A sentence segmentation method that divides the text into sentences, and this sentence segmentation
Connected to the means and based on a predetermined standard, the prosody of the sentence
A prosody generating means for generating a pattern to be an operational prosody pattern,
By connecting to this prosody generation means, the above-mentioned operational prosody pattern was used.
Sound having a voice synthesizing means for synthesizing voice
A voice synthesizer, wherein the prosody generation means includes the sentence segmentation
It is connected to the sending means and the rhyme of the sentence is based on predetermined criteria.
A standard prosody generator that generates a temperament pattern and makes it a standard prosody pattern.
Dan and connect to this standard prosody generation means to construct the text.
Prosodic pattern that accumulates the standard prosodic pattern of all sentences
Tan storage means and this prosody pattern storage means
Change the standard prosodic pattern of each sentence according to the defined criteria.
Including prosody pattern changing means for shaping and operating prosody pattern
In the text-to-speech synthesizer, the prosody pattern changing means is stored in the prosody pattern accumulating means.
The standard prosody of all sentences that connect and form the text
Calculate an approximate curve that approximates the change in pattern and
Approximation error, which is the difference between the similarity curve and the standard prosodic pattern of each sentence
Approximate curve calculating means for calculating the difference and this approximate curve calculating means
The standard prosody of each sentence based on the approximation error.
Approximation error changing means for transforming a pattern into an operational prosodic pattern
A text-to-speech synthesizer comprising:

2. An approximate curve calculated by the approximate curve calculating means.
Is a regression line, and the textile according to claim 1,
Stroke synthesizer.

3. The approximation error changing means removes the approximation error.
When E is set, the operation approximation error is made by using the predetermined constants a and b.
The difference E ′ = aE + b is obtained, and the operational approximation is made to the approximate curve.
It is characterized by generating an operational prosodic pattern by adding errors.
The text-to-speech synthesizer according to claim 1 or 2.
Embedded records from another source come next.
lemma strictly_schur_increasing_on_P12I:
  assumes f: "\<forall>\<rho>\<in>P12. f \<rho> = h (max (fst \<rho>) (snd \<rho>))"
    and h: "strict_antimono_on {1/2..<1} h"
  shows "strictly_schur_increasing_on P12 f"
  unfolding strictly_schur_increasing_on_def
proof (intro ballI impI conjI)
  fix x y assume x: "x \<in> P12" and y: "y \<in> P12" and "majorizes x y"
  define mx where "mx = max (fst x) (snd x)"
  define my where "my = max (fst y) (snd y)"
  have "mx \<le> my" using \<open>majorizes x y\<close> by (simp add: majorizes_def mx_def my_def)
  have bounds: "mx \<in> {1/2..<1}" "my \<in> {1/2..<1}"
    using P12_max_bounds[OF x] P12_max_bounds[OF y] by (simp_all add: mx_def my_def)
  have fxy: "f x = h mx" "f y = h my" using f x y by (simp_all add: mx_def my_def)
  have strict: "f y < f x" if "mx \<noteq> my"
    using monotone_onD[OF h bounds] \<open>mx \<le> my\<close> that fxy by simp
  then show "f y \<le> f x" using fxy by fastforce
  show "f y < f x" if "\<not> is_perm2 x y"
    using strict P12_is_perm2_if_max_eq[OF x y] that by (auto simp: mx_def my_def)
qed

lemma mult_powr_diff_pos:
  fixes u v e :: real
  assumes "0 < v" "v < u" "e \<noteq> 0"
  shows "0 < e * (u powr e - v powr e)"
proof (cases "e > 0")
  case True
  then show ?thesis using assms by (simp add: powr_less_mono2)
next
  case False
  then show ?thesis using assms by (simp add: mult_neg_neg powr_less_mono2_neg)
qed

lemma deriv_deriv_eqI:
  fixes f f' :: "real \<Rightarrow> real"
  assumes "open S" "t \<in> S" "\<And>s. s \<in> S \<Longrightarrow> (f has_real_derivative f' s) (at s)"
    and "(f' has_real_derivative f'') (at t)"
  shows "deriv (deriv f) t = f''"
proof -
  have "\<forall>\<^sub>F s in nhds t. deriv f s = f' s"
    using eventually_nhds_in_open[OF assms(1,2)] by eventually_elim (use assms(3) DERIV_imp_deriv in blast)
  then have "deriv (deriv f) t = deriv f' t" by (rule deriv_cong_ev) simp
  also have "\<dots> = f''" using assms(4) by (rule DERIV_imp_deriv)
  finally show ?thesis .
qed

lemma curvature_eqI:
  fixes X Y :: "real \<Rightarrow> real"
  assumes "open S" "t \<in> S"
    and "\<And>s. s \<in> S \<Longrightarrow> (X has_real_derivative X' s) (at s)" "(X' has_real_derivative X'') (at t)"
    and "\<And>s. s \<in> S \<Longrightarrow> (Y has_real_derivative Y' s) (at s)" "(Y' has_real_derivative Y'') (at t)"
  shows "curvature (\<lambda>s. (X s, Y s)) t = \<bar>X' t * Y'' - X'' * Y' t\<bar> / ((X' t)\<^sup>2 + (Y' t)\<^sup>2) powr (3/2)"
proof -
  have "deriv X t = X' t" "deriv Y t = Y' t" using assms(2,3,5) by (simp_all add: DERIV_imp_deriv)
  moreover have "deriv (deriv X) t = X''" "deriv (deriv Y) t = Y''"
    using deriv_deriv_eqI assms by blast+
  ultimately show ?thesis by (simp add: curvature_def Let_def)
qed

definition log_curv :: "real \<Rightarrow> real \<Rightarrow> real" where
  "log_curv q t = (q - 2) * (ln t + ln (1 - t)) - 3/2 * ln (t powr (2*q - 2) + (1 - t) powr (2*q - 2))"

lemma log_curv_one_minus: "log_curv q (1 - t) = log_curv q t"
  unfolding log_curv_def by (simp add: algebra_simps)

definition log_curv_deriv :: "real \<Rightarrow> real \<Rightarrow> real" where
  "log_curv_deriv q t = (q - 2) * (1/t - 1/(1 - t))
     - 3 * (q - 1) * (t powr (2*q - 3) - (1 - t) powr (2*q - 3)) / (t powr (2*q - 2) + (1 - t) powr (2*q - 2))"

lemma has_real_derivative_log_curv:
  assumes "0 < t" "t < 1"
  shows "(log_curv q has_real_derivative log_curv_deriv q t) (at t)"
proof -
  have "0 < t powr (2*q - 2) + (1 - t) powr (2*q - 2)" using assms by (simp add: add_pos_pos)
  then show ?thesis
    unfolding log_curv_def log_curv_deriv_def using assms
    by (auto intro!: derivative_eq_intros) (simp add: field_simps)
qed

lemma log_curv_deriv_sign:
  assumes "1/2 < u" "u < 1" "q < 3/2" "q \<noteq> 1/2"
  shows "0 < (2*q - 1) * log_curv_deriv q u"
proof -
  define v a b where "v = 1 - u" and "a = u powr (2*q - 3)" and "b = v powr (2*q - 3)"
  have "0 < v" "v < u" "0 < u" using assms by (simp_all add: v_def)
  have pow: "u powr (2*q - 2) = a * u" "v powr (2*q - 2) = b * v"
     "u powr (2*q - 1) = a * u * u" "v powr (2*q - 1) = b * v * v"
    using \<open>0 < u\<close> \<open>0 < v\<close> powr_add[of u "2*q - 3" 1] powr_add[of v "2*q - 3" 1]
      powr_add[of u "2*q - 3" 2] powr_add[of v "2*q - 3" 2]
    by (simp_all add: a_def b_def power2_eq_square)
  have "0 < (2*q - 3) * (a - b)"
    unfolding a_def b_def using assms \<open>0 < v\<close> \<open>v < u\<close> by (intro mult_powr_diff_pos) auto
  then have "a < b" using assms by (simp add: zero_less_mult_iff)
  have "0 < (2*q - 1) * (a * u * u - b * v * v)"
    unfolding pow(3,4)[symmetric] using assms \<open>0 < v\<close> \<open>v < u\<close> by (intro mult_powr_diff_pos) auto
  have "0 < a * u + b * v" using \<open>0 < u\<close> \<open>0 < v\<close> by (simp add: a_def b_def add_pos_pos)
  then have denom: "0 < u * v * (a * u + b * v)" using \<open>0 < u\<close> \<open>0 < v\<close> by simp
  have "log_curv_deriv q u = (q - 2) * (1/u - 1/v) - 3 * (q - 1) * (a - b) / (a * u + b * v)"
    unfolding log_curv_deriv_def pow(1,2)[unfolded v_def] a_def b_def v_def ..
  also have "\<dots> * (u * v * (a * u + b * v))
      = (q - 2) * (v - u) * (a * u + b * v) - 3 * (q - 1) * (a - b) * (u * v)"
  proof -
    have "(k * (1/u - 1/v) - c / D) * (u * v * D) = k * (v - u) * D - c * (u * v)" if "D \<noteq> 0" for k c D
      using \<open>0 < u\<close> \<open>0 < v\<close> that by (simp add: field_simps)
    then show ?thesis using \<open>0 < a * u + b * v\<close> by (simp add: mult.assoc)
  qed
  also have "\<dots> = (1 - 2*q) * u * v * (a - b) + (q - 2) * (b * v * v - a * u * u)"
    by (simp add: algebra_simps)
  also have "\<dots> * (2*q - 1) = (2*q - 1)\<^sup>2 * (u * v * (b - a)) + (2 - q) * ((2*q - 1) * (a * u * u - b * v * v))"
    by (simp add: algebra_simps power2_eq_square)
  also have "\<dots> > 0"
    using assms \<open>0 < u\<close> \<open>0 < v\<close> \<open>a < b\<close> \<open>0 < (2*q - 1) * (a * u * u - b * v * v)\<close>
    by (intro add_pos_pos mult_pos_pos[of "2 - q"] mult_pos_pos[of "(2*q - 1)\<^sup>2"]) auto
  finally have "0 < u * v * (a * u + b * v) * ((2*q - 1) * log_curv_deriv q u)"
    by (simp only: ac_simps)
  then show ?thesis using denom by (rule zero_less_mult_pos)
qed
4. The prosody pattern changed by the prosody pattern changing means.
Tan is the speech rate of each sentence.
The text-to-speech synthesizer according to 1, 2, or 3.

5. The prosody pattern changed by the prosody pattern changing means.
Ton is the average pitch frequency of each sentence
The text-to-speech synthesizer according to claim 1, 2 or 3.

6. The prosody pattern changed by the prosody pattern changing means.
Tan is the average power of each sentence.
The text-to-speech synthesizer according to 1, 2, or 3.